Saved data entries
++++++++++
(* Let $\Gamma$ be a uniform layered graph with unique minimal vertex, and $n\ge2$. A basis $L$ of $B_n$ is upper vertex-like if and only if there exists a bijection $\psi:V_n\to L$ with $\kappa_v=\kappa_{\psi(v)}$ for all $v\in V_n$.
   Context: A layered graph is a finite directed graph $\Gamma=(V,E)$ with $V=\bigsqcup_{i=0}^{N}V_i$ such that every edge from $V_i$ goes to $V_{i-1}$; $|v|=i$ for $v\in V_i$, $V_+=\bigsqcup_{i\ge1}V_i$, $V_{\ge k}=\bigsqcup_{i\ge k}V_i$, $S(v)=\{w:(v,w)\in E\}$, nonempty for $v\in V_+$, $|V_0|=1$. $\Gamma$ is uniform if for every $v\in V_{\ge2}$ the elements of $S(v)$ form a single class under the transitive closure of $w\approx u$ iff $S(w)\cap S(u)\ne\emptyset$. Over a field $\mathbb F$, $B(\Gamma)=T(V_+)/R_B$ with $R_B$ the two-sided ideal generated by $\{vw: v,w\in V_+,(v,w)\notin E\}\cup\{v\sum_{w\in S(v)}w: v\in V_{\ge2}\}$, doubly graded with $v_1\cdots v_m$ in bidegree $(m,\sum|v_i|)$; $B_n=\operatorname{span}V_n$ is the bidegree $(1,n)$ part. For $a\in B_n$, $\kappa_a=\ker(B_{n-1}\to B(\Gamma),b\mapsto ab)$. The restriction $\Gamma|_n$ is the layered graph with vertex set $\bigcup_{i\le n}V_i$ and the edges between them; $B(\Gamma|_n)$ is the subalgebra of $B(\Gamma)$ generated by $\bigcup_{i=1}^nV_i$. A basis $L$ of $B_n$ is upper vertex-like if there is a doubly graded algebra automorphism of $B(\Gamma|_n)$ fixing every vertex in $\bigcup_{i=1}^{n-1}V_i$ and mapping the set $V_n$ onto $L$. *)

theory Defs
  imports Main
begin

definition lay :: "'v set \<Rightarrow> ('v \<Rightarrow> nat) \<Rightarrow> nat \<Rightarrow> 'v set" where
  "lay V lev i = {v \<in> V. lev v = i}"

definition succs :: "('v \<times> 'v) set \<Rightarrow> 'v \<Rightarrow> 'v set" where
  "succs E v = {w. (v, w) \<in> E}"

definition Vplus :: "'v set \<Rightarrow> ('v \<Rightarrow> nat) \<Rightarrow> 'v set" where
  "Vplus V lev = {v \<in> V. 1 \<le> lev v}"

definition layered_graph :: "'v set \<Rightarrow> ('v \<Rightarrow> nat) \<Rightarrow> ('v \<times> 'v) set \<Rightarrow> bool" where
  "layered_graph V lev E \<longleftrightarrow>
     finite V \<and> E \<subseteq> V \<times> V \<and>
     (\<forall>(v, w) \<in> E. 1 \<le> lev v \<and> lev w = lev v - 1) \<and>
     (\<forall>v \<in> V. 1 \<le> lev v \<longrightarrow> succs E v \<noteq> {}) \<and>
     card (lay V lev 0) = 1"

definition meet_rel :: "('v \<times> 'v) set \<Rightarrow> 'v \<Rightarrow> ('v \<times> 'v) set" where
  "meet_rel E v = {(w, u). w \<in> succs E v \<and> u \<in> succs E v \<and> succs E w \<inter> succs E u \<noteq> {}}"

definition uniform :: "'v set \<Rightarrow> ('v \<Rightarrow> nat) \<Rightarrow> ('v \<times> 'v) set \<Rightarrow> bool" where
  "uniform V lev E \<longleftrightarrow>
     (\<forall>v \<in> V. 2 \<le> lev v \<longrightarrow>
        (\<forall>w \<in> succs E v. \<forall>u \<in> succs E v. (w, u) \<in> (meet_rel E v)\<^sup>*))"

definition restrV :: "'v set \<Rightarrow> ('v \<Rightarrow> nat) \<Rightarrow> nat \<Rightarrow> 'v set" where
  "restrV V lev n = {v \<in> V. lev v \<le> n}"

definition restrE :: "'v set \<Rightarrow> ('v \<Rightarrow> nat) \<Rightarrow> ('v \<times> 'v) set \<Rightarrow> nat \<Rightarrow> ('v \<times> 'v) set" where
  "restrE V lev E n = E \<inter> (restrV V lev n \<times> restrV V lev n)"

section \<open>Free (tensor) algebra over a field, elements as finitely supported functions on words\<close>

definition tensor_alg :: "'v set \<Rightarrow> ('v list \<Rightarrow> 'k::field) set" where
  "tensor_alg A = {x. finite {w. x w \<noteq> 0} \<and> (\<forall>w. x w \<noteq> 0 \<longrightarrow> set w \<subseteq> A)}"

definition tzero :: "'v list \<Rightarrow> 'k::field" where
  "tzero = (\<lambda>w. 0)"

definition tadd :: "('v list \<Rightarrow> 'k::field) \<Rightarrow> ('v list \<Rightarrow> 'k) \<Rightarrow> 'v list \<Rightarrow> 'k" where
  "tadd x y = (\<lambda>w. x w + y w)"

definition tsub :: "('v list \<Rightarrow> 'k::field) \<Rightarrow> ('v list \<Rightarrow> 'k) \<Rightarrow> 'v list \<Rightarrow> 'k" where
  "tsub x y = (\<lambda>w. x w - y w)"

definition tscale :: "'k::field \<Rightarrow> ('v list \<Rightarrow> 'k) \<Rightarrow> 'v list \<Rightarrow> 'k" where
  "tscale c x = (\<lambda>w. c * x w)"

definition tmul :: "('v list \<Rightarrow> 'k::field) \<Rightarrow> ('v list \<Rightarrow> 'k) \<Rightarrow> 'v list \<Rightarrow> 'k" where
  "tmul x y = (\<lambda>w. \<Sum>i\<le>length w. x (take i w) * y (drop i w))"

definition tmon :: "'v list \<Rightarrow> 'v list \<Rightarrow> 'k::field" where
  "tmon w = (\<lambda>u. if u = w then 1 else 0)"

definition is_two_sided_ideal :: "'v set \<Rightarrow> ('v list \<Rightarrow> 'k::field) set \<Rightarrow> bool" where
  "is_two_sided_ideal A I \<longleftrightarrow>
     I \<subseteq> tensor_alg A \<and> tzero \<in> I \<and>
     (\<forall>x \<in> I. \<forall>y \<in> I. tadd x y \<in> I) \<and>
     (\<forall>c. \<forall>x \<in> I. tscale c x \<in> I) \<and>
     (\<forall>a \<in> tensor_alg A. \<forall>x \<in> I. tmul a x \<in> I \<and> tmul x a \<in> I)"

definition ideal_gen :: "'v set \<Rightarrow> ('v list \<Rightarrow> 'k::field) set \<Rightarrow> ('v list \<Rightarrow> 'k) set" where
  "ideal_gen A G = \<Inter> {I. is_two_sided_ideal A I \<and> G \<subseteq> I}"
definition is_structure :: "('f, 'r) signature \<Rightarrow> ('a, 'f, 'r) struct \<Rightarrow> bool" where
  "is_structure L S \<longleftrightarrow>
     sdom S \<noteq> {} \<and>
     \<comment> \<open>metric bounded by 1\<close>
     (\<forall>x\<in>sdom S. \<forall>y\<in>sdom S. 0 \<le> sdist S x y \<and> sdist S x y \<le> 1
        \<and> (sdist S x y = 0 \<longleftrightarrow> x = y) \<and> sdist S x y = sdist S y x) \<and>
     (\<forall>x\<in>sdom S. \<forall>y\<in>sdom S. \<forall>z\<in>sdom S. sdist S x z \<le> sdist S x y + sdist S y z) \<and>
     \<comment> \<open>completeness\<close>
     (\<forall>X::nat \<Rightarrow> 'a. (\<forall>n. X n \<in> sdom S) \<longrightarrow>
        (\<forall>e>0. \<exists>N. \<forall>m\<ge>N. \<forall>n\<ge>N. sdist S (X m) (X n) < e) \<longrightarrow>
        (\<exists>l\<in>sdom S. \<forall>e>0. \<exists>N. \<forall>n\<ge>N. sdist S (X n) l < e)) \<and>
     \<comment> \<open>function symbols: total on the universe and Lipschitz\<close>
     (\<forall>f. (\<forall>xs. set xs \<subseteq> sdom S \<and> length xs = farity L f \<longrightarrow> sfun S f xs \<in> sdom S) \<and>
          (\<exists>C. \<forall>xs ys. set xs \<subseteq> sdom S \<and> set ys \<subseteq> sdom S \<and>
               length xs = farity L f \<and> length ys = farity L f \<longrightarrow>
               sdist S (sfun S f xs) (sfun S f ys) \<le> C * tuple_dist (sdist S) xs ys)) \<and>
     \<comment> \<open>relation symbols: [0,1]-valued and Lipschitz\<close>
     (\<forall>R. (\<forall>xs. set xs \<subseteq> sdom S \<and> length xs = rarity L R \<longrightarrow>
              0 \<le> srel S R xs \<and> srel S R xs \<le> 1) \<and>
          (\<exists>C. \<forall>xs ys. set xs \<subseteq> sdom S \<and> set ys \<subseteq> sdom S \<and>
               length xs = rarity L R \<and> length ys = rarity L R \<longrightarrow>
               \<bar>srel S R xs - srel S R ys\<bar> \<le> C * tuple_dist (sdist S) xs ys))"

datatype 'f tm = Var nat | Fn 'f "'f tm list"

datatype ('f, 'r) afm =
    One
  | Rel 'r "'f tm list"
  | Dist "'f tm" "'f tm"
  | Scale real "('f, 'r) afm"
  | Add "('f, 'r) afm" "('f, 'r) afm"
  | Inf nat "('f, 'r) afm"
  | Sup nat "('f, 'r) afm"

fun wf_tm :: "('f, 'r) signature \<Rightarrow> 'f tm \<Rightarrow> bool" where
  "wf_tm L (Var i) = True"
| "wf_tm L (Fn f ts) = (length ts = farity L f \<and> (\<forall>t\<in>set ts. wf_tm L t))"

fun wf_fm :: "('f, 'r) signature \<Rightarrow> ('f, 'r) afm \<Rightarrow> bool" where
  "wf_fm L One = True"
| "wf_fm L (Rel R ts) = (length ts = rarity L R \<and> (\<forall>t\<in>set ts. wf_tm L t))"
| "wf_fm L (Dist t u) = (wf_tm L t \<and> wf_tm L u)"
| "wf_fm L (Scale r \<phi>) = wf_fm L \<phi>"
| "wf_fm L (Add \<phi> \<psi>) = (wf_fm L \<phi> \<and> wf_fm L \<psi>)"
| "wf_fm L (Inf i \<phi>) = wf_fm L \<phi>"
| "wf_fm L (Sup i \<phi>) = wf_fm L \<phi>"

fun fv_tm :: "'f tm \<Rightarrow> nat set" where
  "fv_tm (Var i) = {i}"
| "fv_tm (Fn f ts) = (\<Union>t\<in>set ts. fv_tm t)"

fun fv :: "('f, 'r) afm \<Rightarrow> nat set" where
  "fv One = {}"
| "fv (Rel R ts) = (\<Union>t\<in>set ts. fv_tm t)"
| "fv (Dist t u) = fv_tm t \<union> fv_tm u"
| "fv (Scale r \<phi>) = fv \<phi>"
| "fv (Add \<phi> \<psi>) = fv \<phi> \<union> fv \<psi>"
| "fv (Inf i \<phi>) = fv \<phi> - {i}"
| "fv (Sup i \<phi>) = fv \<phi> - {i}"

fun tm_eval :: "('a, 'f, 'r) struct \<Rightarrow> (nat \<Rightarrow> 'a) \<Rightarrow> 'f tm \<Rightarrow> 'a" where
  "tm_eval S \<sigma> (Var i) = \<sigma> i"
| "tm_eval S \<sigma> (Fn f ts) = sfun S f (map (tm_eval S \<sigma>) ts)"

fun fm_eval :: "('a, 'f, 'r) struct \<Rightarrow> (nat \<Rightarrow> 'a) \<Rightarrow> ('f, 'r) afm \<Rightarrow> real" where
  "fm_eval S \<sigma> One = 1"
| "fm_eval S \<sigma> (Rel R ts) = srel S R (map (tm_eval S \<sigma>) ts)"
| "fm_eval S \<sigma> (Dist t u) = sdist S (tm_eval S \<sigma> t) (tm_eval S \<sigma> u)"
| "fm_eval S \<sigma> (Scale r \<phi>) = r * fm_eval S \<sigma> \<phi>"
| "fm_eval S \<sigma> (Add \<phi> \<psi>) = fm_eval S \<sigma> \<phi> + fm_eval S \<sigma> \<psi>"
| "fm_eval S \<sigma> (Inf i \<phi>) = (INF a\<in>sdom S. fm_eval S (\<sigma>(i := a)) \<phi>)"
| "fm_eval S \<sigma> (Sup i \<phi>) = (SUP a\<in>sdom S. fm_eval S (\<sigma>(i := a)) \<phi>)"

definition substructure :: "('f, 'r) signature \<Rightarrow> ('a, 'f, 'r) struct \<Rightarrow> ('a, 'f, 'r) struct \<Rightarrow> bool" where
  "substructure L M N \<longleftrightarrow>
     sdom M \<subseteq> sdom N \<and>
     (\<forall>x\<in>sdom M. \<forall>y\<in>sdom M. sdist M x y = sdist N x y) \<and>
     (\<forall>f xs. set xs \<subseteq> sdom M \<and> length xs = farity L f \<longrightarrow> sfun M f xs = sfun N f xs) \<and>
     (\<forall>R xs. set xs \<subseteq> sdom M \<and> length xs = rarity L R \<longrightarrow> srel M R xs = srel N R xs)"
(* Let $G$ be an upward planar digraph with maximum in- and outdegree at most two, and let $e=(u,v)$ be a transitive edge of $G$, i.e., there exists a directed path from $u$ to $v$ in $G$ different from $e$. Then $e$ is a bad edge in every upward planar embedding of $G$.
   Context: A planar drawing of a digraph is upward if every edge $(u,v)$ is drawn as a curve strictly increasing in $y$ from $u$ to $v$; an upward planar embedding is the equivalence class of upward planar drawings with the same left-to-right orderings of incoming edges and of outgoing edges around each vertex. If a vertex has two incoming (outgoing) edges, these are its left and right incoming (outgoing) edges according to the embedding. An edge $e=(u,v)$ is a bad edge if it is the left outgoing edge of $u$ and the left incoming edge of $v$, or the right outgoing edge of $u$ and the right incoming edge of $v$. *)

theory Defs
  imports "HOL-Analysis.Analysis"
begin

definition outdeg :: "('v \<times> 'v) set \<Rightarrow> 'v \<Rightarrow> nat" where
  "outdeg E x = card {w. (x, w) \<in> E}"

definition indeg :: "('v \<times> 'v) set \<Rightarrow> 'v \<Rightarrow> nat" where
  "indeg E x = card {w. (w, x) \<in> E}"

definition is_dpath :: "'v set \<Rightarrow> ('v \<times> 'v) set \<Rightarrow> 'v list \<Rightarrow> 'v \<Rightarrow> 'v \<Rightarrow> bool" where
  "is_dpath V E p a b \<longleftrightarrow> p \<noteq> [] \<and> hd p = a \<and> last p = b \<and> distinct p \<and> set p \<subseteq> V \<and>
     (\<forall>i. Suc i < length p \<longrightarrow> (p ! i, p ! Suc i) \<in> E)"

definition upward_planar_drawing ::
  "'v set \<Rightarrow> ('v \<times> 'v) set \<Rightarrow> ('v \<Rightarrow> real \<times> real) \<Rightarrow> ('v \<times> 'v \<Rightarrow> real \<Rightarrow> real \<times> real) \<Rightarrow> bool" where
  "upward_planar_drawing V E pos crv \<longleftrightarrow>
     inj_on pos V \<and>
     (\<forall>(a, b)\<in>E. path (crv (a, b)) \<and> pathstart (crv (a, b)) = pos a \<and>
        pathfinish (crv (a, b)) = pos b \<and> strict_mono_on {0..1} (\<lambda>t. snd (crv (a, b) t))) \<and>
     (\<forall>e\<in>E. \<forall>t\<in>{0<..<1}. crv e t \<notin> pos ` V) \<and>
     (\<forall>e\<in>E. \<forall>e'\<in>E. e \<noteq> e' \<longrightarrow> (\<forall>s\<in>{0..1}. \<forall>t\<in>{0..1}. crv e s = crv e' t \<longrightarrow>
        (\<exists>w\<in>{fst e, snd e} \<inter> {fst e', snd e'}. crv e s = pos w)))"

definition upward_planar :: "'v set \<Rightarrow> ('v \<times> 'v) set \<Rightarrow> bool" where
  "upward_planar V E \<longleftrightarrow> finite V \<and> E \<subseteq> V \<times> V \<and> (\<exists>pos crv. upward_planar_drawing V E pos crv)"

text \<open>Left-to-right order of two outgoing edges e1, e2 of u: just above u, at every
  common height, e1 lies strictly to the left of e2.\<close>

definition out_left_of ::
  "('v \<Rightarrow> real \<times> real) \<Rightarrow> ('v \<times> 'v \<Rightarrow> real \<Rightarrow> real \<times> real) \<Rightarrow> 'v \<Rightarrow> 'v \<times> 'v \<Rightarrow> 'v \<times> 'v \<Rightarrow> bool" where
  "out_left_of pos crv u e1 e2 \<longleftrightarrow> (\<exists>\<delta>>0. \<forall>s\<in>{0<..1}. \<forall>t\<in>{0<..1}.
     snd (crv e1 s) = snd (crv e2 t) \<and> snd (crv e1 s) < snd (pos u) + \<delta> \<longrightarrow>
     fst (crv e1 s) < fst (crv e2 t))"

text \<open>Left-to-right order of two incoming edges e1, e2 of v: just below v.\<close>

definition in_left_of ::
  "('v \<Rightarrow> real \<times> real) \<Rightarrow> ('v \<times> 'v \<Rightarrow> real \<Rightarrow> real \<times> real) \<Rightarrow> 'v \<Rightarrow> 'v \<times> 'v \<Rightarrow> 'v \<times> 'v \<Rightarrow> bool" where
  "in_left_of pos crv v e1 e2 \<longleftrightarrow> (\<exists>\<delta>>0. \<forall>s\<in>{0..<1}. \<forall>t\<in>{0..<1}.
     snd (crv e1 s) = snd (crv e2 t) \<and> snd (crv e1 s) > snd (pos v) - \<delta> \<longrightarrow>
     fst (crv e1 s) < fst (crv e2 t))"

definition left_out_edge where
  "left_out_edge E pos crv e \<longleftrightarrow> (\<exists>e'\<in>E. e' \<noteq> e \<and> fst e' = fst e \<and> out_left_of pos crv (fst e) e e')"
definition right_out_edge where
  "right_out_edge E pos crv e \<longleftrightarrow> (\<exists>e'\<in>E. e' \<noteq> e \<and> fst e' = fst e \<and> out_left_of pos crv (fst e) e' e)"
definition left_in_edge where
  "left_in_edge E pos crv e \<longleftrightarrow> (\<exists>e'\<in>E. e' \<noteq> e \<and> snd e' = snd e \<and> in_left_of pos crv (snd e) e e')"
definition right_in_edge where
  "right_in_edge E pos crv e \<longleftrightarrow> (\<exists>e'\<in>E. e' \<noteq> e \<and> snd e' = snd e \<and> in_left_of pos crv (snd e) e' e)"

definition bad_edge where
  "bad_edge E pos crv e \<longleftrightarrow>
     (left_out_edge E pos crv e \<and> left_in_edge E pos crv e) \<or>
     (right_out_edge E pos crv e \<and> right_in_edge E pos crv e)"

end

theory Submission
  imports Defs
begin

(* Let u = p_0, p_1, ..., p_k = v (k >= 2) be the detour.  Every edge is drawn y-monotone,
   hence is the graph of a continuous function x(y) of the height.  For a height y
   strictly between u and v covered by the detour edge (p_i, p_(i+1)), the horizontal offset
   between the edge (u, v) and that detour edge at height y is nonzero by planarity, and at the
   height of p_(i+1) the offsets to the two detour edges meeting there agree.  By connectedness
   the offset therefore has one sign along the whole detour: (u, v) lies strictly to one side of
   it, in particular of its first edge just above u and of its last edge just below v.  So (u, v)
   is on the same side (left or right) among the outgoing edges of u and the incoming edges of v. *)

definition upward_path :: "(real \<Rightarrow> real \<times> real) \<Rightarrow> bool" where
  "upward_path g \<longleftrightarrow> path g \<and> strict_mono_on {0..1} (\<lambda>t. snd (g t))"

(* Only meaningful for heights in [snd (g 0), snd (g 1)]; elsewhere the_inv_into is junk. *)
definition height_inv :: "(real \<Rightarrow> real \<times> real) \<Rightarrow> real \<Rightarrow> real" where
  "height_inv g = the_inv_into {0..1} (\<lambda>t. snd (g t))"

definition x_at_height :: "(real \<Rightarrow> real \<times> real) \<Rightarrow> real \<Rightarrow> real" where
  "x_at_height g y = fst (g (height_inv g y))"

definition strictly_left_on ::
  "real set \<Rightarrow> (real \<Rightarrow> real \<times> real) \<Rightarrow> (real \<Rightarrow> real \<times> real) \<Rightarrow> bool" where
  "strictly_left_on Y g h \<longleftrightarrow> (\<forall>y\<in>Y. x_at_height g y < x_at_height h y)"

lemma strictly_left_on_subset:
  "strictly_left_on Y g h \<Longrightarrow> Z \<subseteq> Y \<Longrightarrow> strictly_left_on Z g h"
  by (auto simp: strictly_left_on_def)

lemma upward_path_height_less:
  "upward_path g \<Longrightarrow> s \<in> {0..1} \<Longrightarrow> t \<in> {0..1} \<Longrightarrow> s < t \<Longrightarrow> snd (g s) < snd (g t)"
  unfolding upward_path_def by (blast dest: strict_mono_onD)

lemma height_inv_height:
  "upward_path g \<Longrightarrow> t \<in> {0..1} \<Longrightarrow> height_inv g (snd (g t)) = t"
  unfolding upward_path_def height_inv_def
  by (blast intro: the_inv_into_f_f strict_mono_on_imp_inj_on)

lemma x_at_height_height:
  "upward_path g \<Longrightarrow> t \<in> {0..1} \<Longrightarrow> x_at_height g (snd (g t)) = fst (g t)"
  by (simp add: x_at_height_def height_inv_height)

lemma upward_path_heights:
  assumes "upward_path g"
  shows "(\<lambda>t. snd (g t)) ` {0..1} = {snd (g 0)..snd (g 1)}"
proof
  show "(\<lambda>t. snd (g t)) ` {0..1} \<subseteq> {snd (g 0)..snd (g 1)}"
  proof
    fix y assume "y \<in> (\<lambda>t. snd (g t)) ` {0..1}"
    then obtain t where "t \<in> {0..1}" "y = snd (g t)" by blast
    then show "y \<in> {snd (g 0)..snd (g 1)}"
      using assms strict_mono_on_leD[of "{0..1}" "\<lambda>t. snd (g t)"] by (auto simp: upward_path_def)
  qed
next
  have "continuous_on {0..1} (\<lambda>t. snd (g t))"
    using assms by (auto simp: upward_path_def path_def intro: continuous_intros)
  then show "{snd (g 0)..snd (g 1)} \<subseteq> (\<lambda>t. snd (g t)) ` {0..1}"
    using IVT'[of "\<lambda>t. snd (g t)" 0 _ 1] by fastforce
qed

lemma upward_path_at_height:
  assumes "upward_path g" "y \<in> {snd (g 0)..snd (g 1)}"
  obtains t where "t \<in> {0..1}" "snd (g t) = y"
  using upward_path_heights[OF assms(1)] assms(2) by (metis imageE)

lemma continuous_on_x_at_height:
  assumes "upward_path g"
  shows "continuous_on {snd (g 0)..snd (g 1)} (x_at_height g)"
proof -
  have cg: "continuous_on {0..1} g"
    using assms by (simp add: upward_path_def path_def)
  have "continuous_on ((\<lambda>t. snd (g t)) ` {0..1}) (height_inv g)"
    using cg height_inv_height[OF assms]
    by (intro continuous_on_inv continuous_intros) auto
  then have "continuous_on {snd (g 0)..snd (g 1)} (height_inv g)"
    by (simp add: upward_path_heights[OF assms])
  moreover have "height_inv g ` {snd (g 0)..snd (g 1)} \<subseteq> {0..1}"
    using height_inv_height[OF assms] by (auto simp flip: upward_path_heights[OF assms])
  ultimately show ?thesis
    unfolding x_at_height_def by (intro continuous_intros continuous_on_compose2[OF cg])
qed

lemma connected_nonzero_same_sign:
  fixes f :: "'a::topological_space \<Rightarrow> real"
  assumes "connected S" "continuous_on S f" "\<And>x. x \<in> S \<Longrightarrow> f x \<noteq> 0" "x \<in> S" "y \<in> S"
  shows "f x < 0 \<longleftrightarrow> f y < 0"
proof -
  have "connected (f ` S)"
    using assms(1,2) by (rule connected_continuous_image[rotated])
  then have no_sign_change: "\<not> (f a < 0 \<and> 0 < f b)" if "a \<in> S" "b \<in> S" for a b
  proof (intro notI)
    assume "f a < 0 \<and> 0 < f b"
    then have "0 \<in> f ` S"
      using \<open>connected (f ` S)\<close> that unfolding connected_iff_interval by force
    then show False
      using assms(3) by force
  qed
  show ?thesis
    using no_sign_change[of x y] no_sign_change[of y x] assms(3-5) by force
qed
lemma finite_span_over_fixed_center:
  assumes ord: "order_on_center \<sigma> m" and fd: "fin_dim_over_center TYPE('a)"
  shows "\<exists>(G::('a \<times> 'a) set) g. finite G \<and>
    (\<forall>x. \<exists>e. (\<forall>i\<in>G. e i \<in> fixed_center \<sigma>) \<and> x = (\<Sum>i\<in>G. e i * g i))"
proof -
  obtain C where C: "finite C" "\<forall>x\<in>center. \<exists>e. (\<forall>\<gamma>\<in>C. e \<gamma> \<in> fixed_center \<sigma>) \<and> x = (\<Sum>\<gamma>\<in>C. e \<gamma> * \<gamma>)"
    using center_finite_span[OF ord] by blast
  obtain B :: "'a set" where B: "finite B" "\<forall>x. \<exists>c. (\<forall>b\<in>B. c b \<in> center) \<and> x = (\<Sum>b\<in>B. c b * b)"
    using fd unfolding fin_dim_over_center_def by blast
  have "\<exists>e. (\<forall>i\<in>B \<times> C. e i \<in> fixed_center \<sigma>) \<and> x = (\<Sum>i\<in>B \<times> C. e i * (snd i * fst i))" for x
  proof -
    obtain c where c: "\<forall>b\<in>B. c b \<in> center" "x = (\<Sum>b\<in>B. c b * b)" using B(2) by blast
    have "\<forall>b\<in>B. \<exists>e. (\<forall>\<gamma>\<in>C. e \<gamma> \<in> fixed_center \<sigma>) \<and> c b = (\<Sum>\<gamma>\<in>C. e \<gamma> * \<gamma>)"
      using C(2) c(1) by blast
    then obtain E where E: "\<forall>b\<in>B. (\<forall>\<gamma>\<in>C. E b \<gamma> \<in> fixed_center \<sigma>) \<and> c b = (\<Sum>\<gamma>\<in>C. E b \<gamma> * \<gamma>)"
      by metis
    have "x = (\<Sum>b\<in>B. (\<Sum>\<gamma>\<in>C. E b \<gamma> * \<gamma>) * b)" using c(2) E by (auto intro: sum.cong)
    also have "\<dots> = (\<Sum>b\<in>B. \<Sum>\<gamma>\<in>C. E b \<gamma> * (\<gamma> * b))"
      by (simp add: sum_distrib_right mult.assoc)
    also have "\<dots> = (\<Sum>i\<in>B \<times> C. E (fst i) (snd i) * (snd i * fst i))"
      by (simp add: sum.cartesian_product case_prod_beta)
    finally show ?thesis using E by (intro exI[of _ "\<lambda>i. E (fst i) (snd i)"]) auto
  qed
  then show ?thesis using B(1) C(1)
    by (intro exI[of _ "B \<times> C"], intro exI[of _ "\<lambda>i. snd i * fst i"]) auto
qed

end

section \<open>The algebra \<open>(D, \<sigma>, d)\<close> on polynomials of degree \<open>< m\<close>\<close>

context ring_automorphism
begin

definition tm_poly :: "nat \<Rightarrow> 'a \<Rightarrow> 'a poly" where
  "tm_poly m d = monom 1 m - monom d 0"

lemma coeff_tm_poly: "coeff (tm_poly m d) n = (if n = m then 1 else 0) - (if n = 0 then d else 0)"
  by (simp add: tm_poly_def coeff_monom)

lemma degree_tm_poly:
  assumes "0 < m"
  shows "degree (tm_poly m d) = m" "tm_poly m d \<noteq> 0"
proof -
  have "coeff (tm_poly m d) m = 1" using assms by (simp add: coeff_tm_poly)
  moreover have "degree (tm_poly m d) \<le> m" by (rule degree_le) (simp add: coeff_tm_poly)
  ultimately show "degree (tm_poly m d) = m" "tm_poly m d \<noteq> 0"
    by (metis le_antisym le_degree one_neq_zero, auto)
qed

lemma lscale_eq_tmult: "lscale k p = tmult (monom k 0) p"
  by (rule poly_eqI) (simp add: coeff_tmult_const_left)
++++++++++
#### WHAT THIS TASK INVOLVES:
Taking the entries above, restate exactly those lines that fall between the line with "unfolding upward_path_def height_inv_def" and the line with "using assms by (auto", keeping both of those lines too.

#### RESPONSE AREA:
  unfolding upward_path_def height_inv_def
  by (blast intro: the_inv_into_f_f strict_mono_on_imp_inj_on)

lemma x_at_height_height:
  "upward_path g \<Longrightarrow> t \<in> {0..1} \<Longrightarrow> x_at_height g (snd (g t)) = fst (g t)"
  by (simp add: x_at_height_def height_inv_height)

lemma upward_path_heights:
  assumes "upward_path g"
  shows "(\<lambda>t. snd (g t)) ` {0..1} = {snd (g 0)..snd (g 1)}"
proof
  show "(\<lambda>t. snd (g t)) ` {0..1} \<subseteq> {snd (g 0)..snd (g 1)}"
  proof
    fix y assume "y \<in> (\<lambda>t. snd (g t)) ` {0..1}"
    then obtain t where "t \<in> {0..1}" "y = snd (g t)" by blast
    then show "y \<in> {snd (g 0)..snd (g 1)}"
      using assms strict_mono_on_leD[of "{0..1}" "\<lambda>t. snd (g t)"] by (auto simp: upward_path_def)
  qed
next
  have "continuous_on {0..1} (\<lambda>t. snd (g t))"
    using assms by (auto simp: upward_path_def path_def intro: continuous_intros)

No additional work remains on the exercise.